Monitor backfill progress for a specific job:

```sql theme={null}
SELECT 
    source_id,
    fragment_id,
    partition_id,
    lag_phase,
    consumer_offset,
    high_watermark,
    lag
FROM rw_catalog.rw_kafka_job_lag
WHERE job_id = 1001 -- Replace with your job ID
ORDER BY partition_id;
```

View average lag by job:

```sql theme={null}
SELECT 
    job_id,
    lag_phase,
    COUNT(*) as partition_count,
    AVG(lag) as avg_lag,
    MAX(lag) as max_lag
FROM rw_catalog.rw_kafka_job_lag
WHERE lag IS NOT NULL
GROUP BY job_id, lag_phase
ORDER BY avg_lag DESC;
```

## Best practices

* **Monitor during initial creation**: When creating a new materialized view or sink from a Kafka source, monitor the backfill progress to ensure it completes successfully.
* **Track lag trends**: Regularly query `rw_kafka_job_lag` to identify partitions that consistently show high lag, which may indicate performance issues.
* **Alert on high lag**: Set up monitoring alerts when lag exceeds acceptable thresholds for your use case.
* **Check lag phase transitions**: Monitor when jobs transition from `BACKFILL` to `LIVE` phase to understand when real-time processing begins.

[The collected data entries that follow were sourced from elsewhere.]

section \<open>The contraction principle\<close>

lemma v_cauchy_if_geometric:
  assumes dist: "\<And>m n. v (X (m + n) - X n) \<le> k ^ n * R" and k: "0 \<le> k" "k < 1"
  shows "v_cauchy v X"
  unfolding v_cauchy_def
proof (intro allI impI)
  fix e :: real
  assume "0 < e"
  have "(\<lambda>n. k ^ n * R) \<longlonglongrightarrow> 0"
    using k by (intro tendsto_mult_left_zero LIMSEQ_power_zero) simp
  then have "\<forall>\<^sub>F n in sequentially. k ^ n * R < e"
    using \<open>0 < e\<close> by (rule order_tendstoD)
  then obtain M where M: "\<And>n. n \<ge> M \<Longrightarrow> k ^ n * R < e"
    unfolding eventually_sequentially by blast
  have ordered: "v (X m - X n) < e" if "n \<le> m" "n \<ge> M" for m n
    using dist[of "m - n" n] M[of n] that by simp
  have "v (X m - X n) < e" if "m \<ge> M" "n \<ge> M" for m n
  proof (cases "n \<le> m")
    case True
    then show ?thesis
      using ordered that by blast
  next
    case False
    then show ?thesis
      using ordered[of m n] that v_minus_commute[of "X m"] by simp
  qed
  then show "\<exists>M. \<forall>m\<ge>M. \<forall>n\<ge>M. v (X m - X n) < e"
    by blast
qed

lemma contraction_iterate_dist:
  assumes maps: "\<And>x. v (x - c) \<le> R \<Longrightarrow> v (T x - c) \<le> R"
    and contr: "\<And>x y. v (x - c) \<le> R \<Longrightarrow> v (y - c) \<le> R \<Longrightarrow> v (T x - T y) \<le> k * v (x - y)"
    and k: "0 \<le> k" and x: "v (x - c) \<le> R"
  shows "v ((T ^^ (m + n)) x - (T ^^ n) x) \<le> k ^ n * R"
proof -
  have in_ball: "v ((T ^^ n) x - c) \<le> R" for n
    by (induction n) (simp_all add: x maps)
  show ?thesis
  proof (induction n)
    case 0
    show ?case
      using v_diff_le[OF in_ball in_ball, of m 0] by simp
  next
    case (Suc n)
    have "v ((T ^^ (m + Suc n)) x - (T ^^ Suc n) x) \<le> k * v ((T ^^ (m + n)) x - (T ^^ n) x)"
      using contr[OF in_ball in_ball] by simp
    also have "\<dots> \<le> k * (k ^ n * R)"
      using Suc k by (rule mult_left_mono)
    finally show ?case
      by simp
  qed
qed

end

locale complete_nonarch_field = nonarch_field +
  assumes complete: "v_complete v"
begin

lemma contraction_unique_fixpoint_in_ball:
  assumes maps: "\<And>x. v (x - c) \<le> R \<Longrightarrow> v (T x - c) \<le> R"
    and contr: "\<And>x y. v (x - c) \<le> R \<Longrightarrow> v (y - c) \<le> R \<Longrightarrow> v (T x - T y) \<le> k * v (x - y)"
    and k: "0 \<le> k" "k < 1" and R: "0 \<le> R"
  shows "\<exists>!x. v (x - c) \<le> R \<and> T x = x"
proof (rule ex_ex1I)
  define X where "X n = (T ^^ n) c" for n
  have in_ball: "v (X n - c) \<le> R" for n
    unfolding X_def by (induction n) (simp_all add: R maps)
  have "v_cauchy v X"
    unfolding X_def using contraction_iterate_dist[OF maps contr k(1)] R
    by (intro v_cauchy_if_geometric[where R = R, OF _ k]) simp
  then obtain L where L: "v_lim v X L"
    using complete unfolding v_complete_def by blast
  have L_in_ball: "v (L - c) \<le> R"
    using v_lim_le[OF v_lim_diff[OF L v_lim_const]] in_ball by simp
  have "v_lim v (\<lambda>n. X (Suc n)) (T L)"
  proof (rule v_lim_sandwich)
    show "(\<lambda>n. k * v (X n - L)) \<longlonglongrightarrow> 0"
      using L unfolding v_lim_def by (intro tendsto_mult_right_zero)
    show "v (X (Suc n) - T L) \<le> k * v (X n - L)" for n
      unfolding X_def using contr[OF in_ball[unfolded X_def] L_in_ball] by simp
  qed
  moreover have "v_lim v (\<lambda>n. X (Suc n)) L"
    using L unfolding v_lim_def by (rule LIMSEQ_Suc)
  ultimately have "T L = L"
    by (rule v_lim_unique)
  with L_in_ball show "\<exists>x. v (x - c) \<le> R \<and> T x = x"
    by blast
next
  fix x y
  assume x: "v (x - c) \<le> R \<and> T x = x" and y: "v (y - c) \<le> R \<and> T y = y"
  then have "v (x - y) \<le> k * v (x - y)"
    using contr[of x y] by simp
  with k have "v (x - y) \<le> 0"
    by (metis mult_le_cancel_right1 not_le v_nonneg)
  then show "x = y"
    using v_nonneg[of "x - y"] by simp
qed

end

section \<open>Power series on a closed disc\<close>

locale HB_series = nonarch_field v for v :: "'a::field \<Rightarrow> real" +
  fixes r :: real and a :: "nat \<Rightarrow> 'a"
  assumes radius_attained: "\<exists>c. v c = r" and converges: "in_HB v r a"
begin

lemma ps_eval_lim: "v z \<le> r \<Longrightarrow> v_lim v (\<lambda>n. \<Sum>i<n. a i * z ^ i) (ps_eval v a z)"
  using converges v_lim_unique unfolding in_HB_def ps_converges_at_def ps_eval_def
  by (metis theI)

text \<open>This is where r \<in> |C_p| is needed: without a point of absolute value r the
  supremum defining HB_norm could be a junk value.\<close>

lemma bdd_above_HB_terms: "bdd_above (range (\<lambda>i. v (a i) * r ^ i))"
proof -
  obtain c where c: "v c = r"
    using radius_attained by blast
  define S where "S n = (\<Sum>i<n. a i * c ^ i) - ps_eval v a c" for n
  have "(\<lambda>n. v (S n)) \<longlonglongrightarrow> 0"
    using ps_eval_lim[of c] c unfolding S_def v_lim_def by simp
  then obtain K where K: "\<And>n. v (S n) \<le> K"
    by (metis BseqE convergentI convergent_imp_Bseq real_norm_def abs_of_nonneg v_nonneg)
  have "v (a i) * r ^ i = v (S (Suc i) - S i)" for i
    by (simp add: S_def v_mult v_power c)
  then have "v (a i) * r ^ i \<le> K" for i
    using v_diff_le[OF K K] by simp
  then show ?thesis
    by (intro bdd_aboveI) auto
qed

lemma HB_term_le_norm: "v (a i) * r ^ i \<le> HB_norm v r a"
  unfolding HB_norm_def by (rule cSUP_upper[OF UNIV_I bdd_above_HB_terms])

## Troubleshooting high lag

If you observe high consumer lag:

1. **Check resource utilization**: High lag may indicate that compute nodes are under-provisioned or overloaded.
2. **Review parallelism settings**: Consider [adjusting the parallelism](/sql/commands/sql-alter-fragment) of your streaming jobs to increase processing capacity.
3. **Inspect Kafka broker health**: Verify that Kafka brokers are operating normally and not experiencing performance issues.
4. **Examine query complexity**: Complex transformations in materialized views may slow down consumption.
5. **Check NULL values**: If `high_watermark` or `consumer_offset` is NULL, metrics may not yet be available. This can happen shortly after source creation or if the Prometheus endpoint is not configured.